Cheers for the heads up. Do the remaining valves work as you'd expect?


----------



## fraser_john (8/12/10)

MeLoveBeer said:


> Cheers for the heads up. Do the remaining valves work as you'd expect?



Maybe ask them about their policy for this kind of thing? Let them know that you had heard they were average on the customer service side of things after the transaction is completed.


----------



## MeLoveBeer (8/12/10)

fraser_john said:


> Maybe ask them about their policy for this kind of thing? Let them know that you had heard they were average on the customer service side of things after the transaction is completed.



Good move I think... makes them realise that its not just 1 purchase thats effected when they provide [email protected] customer service.


----------



## stew.w (8/12/10)

MeLoveBeer said:


> Yeh mate, have ordered some of the parts, but I'm deviating a bit from his design (adding RIMS into the equation).
> 
> I thought the same thing about the march pumps, but the simplicity of the design almost makes it worthwhile (the way I figure it I've already got one of the pumps, so its only 2 more I need and I'm in no rush to put it all together).
> 
> ...




i think you should do a 3d model and then start a build thread....


----------



## kirem (8/12/10)

MeLoveBeer said:


> Cheers for the heads up. Do the remaining valves work as you'd expect?



I haven't yet tested them.

Their only payment method is International money transfer, so I had no comeback through paypal or credit card dispute.

The wiring on them is a little interesting, I think there must be a large capacitor in there. When power is supplied the valve moves to a position, then when power is disconnected the capacitor supplies power to move the valve to the other position. The valve has to be in a powered position long enough to charge the capacitor, this obviously limits the cycle time.

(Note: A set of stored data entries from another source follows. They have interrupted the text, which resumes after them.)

(* Let $X$ be a real Banach space with $\operatorname{dens} X = \kappa$. If $\operatorname{cf}(\kappa) \geq \mathfrak{c}^+$, then $X$ contains no overcomplete set.
   Context: $\operatorname{dens}$ denotes the density character, $\operatorname{cf}$ the cofinality, $\mathfrak{c}$ the cardinality of the continuum and $\mathfrak{c}^+$ its successor cardinal. A subset $S$ of a Banach space $X$ with $|S| = \operatorname{dens} X$ is called overcomplete if every subset $\Lambda \subseteq S$ with $|\Lambda| = |S|$ is linearly dense in $X$. *)

theory Defs
  imports "HOL-Analysis.Analysis"
begin

text \<open>Cardinals are represented by the well-orders card_of A (initial-ordinal-like
  well-orders on A) from HOL's BNF cardinal library; ordLeq / ordIso compare them.\<close>

text \<open>D realises the density character: D is dense and has least cardinality
  among all dense subsets. Then dens X = card_of D.\<close>
definition dens_witness :: "'a::real_normed_vector set \<Rightarrow> bool" where
  "dens_witness D \<longleftrightarrow> closure D = UNIV \<and>
     (\<forall>D'::'a set. closure D' = UNIV \<longrightarrow> (card_of D, card_of D') \<in> ordLeq)"

definition overcomplete_set :: "'a::real_normed_vector set \<Rightarrow> bool" where
  "overcomplete_set S \<longleftrightarrow>
     (\<exists>D::'a set. dens_witness D \<and> (card_of S, card_of D) \<in> ordIso) \<and>
     (\<forall>L. L \<subseteq> S \<and> (card_of L, card_of S) \<in> ordIso \<longrightarrow> closure (span L) = UNIV)"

Have a look over at www.brewtroller.com, not really suitable for a non-electronic savvy person, but well worth a look.

You can also buy valves from http://www.oscsys.com/12-Motorized-Stainless-Ball-Valve.html I can highly recommend these guys. These are the same guys behind brewtroller and they order in bulk from KLD.


----------



## MeLoveBeer (8/12/10)

kirem said:


> The wiring on them is a little interesting, I think there must be a large capacitor in there. When power is supplied the valve moves to a position, then when power is disconnected the capacitor supplies power to move the valve to the other position. The valve has to be in a powered position long enough to charge the capacitor, this obviously limits the cycle time.
> 
> Have a look over at www.brewtroller.com, not really suitable for a non-electronic savvy person, but well worth a look.



The good thing is that the guy in the states who built that rig is easily contactable and has offered assistence (by email or pm) if I can't get them working with the controller I've ordered (the embedded control concepts BCS-462).

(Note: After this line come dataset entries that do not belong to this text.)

(* The set $\mathcal{D}$ of directed-convex polyominoes equals $Av_{\mathfrak{P}}(H,V,D)$, where $H=\begin{bmatrix}1&0&1\end{bmatrix}$, $V=\begin{bmatrix}1\\0\\1\end{bmatrix}$ and $D=\begin{bmatrix}1&1\\0&1\end{bmatrix}$.
   Context: A polyomino is a finite union of unit cells of $\mathbb{Z}\times\mathbb{Z}$ that is connected via edge adjacency, up to translation, identified with the binary matrix of its minimal bounding rectangle (entry $1$ iff the corresponding unit square is a cell; rows numbered bottom to top, and in displayed matrices the first written row is the top row). A matrix is a submatrix of another if obtained by deleting rows and/or columns; $Av_{\mathfrak{P}}(\mathcal{M})$ is the set of polyominoes with no submatrix in $\mathcal{M}$. A polyomino is convex if each of its rows and each of its columns is connected. An (internal) path of a polyomino is a sequence of distinct cells $(c_1,\dots,c_n)$ of the polyomino in which consecutive cells share an edge; the pair $(c_i,c_{i+1})$ is a north, south, east or west step according to the position of $c_{i+1}$ relative to $c_i$. A polyomino is directed if there is a cell (the source) from which every cell can be reached by a path using only north and east steps. A directed-convex polyomino is a polyomino that is both directed and convex. *)

theory Defs
  imports Main
begin

type_synonym cell = "int \<times> int"   \<comment> \<open>(column x, row y); rows numbered bottom to top\<close>

definition adjacent :: "cell \<Rightarrow> cell \<Rightarrow> bool" where
  "adjacent a b \<longleftrightarrow> \<bar>fst a - fst b\<bar> + \<bar>snd a - snd b\<bar> = 1"

definition polyomino :: "cell set \<Rightarrow> bool" where
  "polyomino P \<longleftrightarrow> finite P \<and> P \<noteq> {} \<and>
     (\<forall>a\<in>P. \<forall>b\<in>P. (\<lambda>u v. u \<in> P \<and> v \<in> P \<and> adjacent u v)\<^sup>*\<^sup>* a b)"

text \<open>Binary matrix: list of rows, first row = top row; all rows of equal length.\<close>
type_synonym bmatrix = "bool list list"

text \<open>Submatrix containment: choose rows (top to bottom, i.e. strictly decreasing y)
  and columns (left to right, strictly increasing x) within the minimal bounding rectangle.\<close>
definition contains :: "cell set \<Rightarrow> bmatrix \<Rightarrow> bool" where
  "contains P M \<longleftrightarrow> (\<exists>ys xs.
     length ys = length M \<and> (\<forall>r\<in>set M. length r = length xs) \<and>
     sorted_wrt (>) ys \<and> sorted_wrt (<) xs \<and>
     set ys \<subseteq> {Min (snd ` P)..Max (snd ` P)} \<and>
     set xs \<subseteq> {Min (fst ` P)..Max (fst ` P)} \<and>
     (\<forall>i<length ys. \<forall>j<length xs. M ! i ! j = ((xs ! j, ys ! i) \<in> P)))"

definition Av :: "bmatrix set \<Rightarrow> cell set set" where
  "Av \<M> = {P. polyomino P \<and> (\<forall>M\<in>\<M>. \<not> contains P M)}"

definition convex :: "cell set \<Rightarrow> bool" where
  "convex P \<longleftrightarrow>
     (\<forall>x1 x2 x y. (x1, y) \<in> P \<and> (x2, y) \<in> P \<and> x1 \<le> x \<and> x \<le> x2 \<longrightarrow> (x, y) \<in> P) \<and>
     (\<forall>y1 y2 x y. (x, y1) \<in> P \<and> (x, y2) \<in> P \<and> y1 \<le> y \<and> y \<le> y2 \<longrightarrow> (x, y) \<in> P)"

definition ne_step :: "cell set \<Rightarrow> cell \<Rightarrow> cell \<Rightarrow> bool" where
  "ne_step P a b \<longleftrightarrow> a \<in> P \<and> b \<in> P \<and>
     (b = (fst a, snd a + 1) \<or> b = (fst a + 1, snd a))"

definition directed :: "cell set \<Rightarrow> bool" where
  "directed P \<longleftrightarrow> (\<exists>s\<in>P. \<forall>c\<in>P. (ne_step P)\<^sup>*\<^sup>* s c)"

definition directed_convex_polyominoes :: "cell set set" where
  "directed_convex_polyominoes = {P. polyomino P \<and> directed P \<and> convex P}"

FYI also, I think that I might need to go for the 12v model as apparently a relay is required regardless and the 5v version is apparently slow to switch (as you mentioned).


----------



## Online Brewing Supplies (8/12/10)

Sorry if I missed it in the specs but is the thread 1/2" NPT or BSP. I could use a couple on my system if the thread suits.
GB


----------



## kirem (8/12/10)

Gryphon Brewing said:


> Sorry if I missed it in the specs but is the thread 1/2" NPT or BSP. I could use a couple on my system if the thread suits.
> GB



I have BSP. That said I have never had problems mixing NPT and BSP threads on my system.



MeLoveBeer said:


> The good thing is that the guy in the states who built that rig is easily contactable and has offered assistence (by email or pm) if I can't get them working with the controller I've ordered (the embedded control concepts BCS-462).
> 
> FYI also, I think that I might need to go for the 12v model as apparently a relay is required regardless and the 5v version is apparently slow to switch (as you mentioned).



I have 220vAC model, and they are 3-way valves, L-Port


----------



## MeLoveBeer (8/12/10)

Gryphon Brewing said:


> Sorry if I missed it in the specs but is the thread 1/2" NPT or BSP. I could use a couple on my system if the thread suits.
> GB



They offer both, but I'll be ordering them in 1/2" BSP

Edit: only just noticed the link to OSCS kirem... for the difference in price, it might just be worth ordering from them (given that they take paypal). If you don't mind me asking kirem, what did it cost you in postage?


----------



## kirem (8/12/10)

MeLoveBeer said:


> They offer both, but I'll be ordering them in 1/2" BSP
> 
> Edit: only just noticed the link to OSCS kirem... for the difference in price, it might just be worth ordering from them (given that they take paypal). If you don't mind me asking kirem, what did it cost you in postage?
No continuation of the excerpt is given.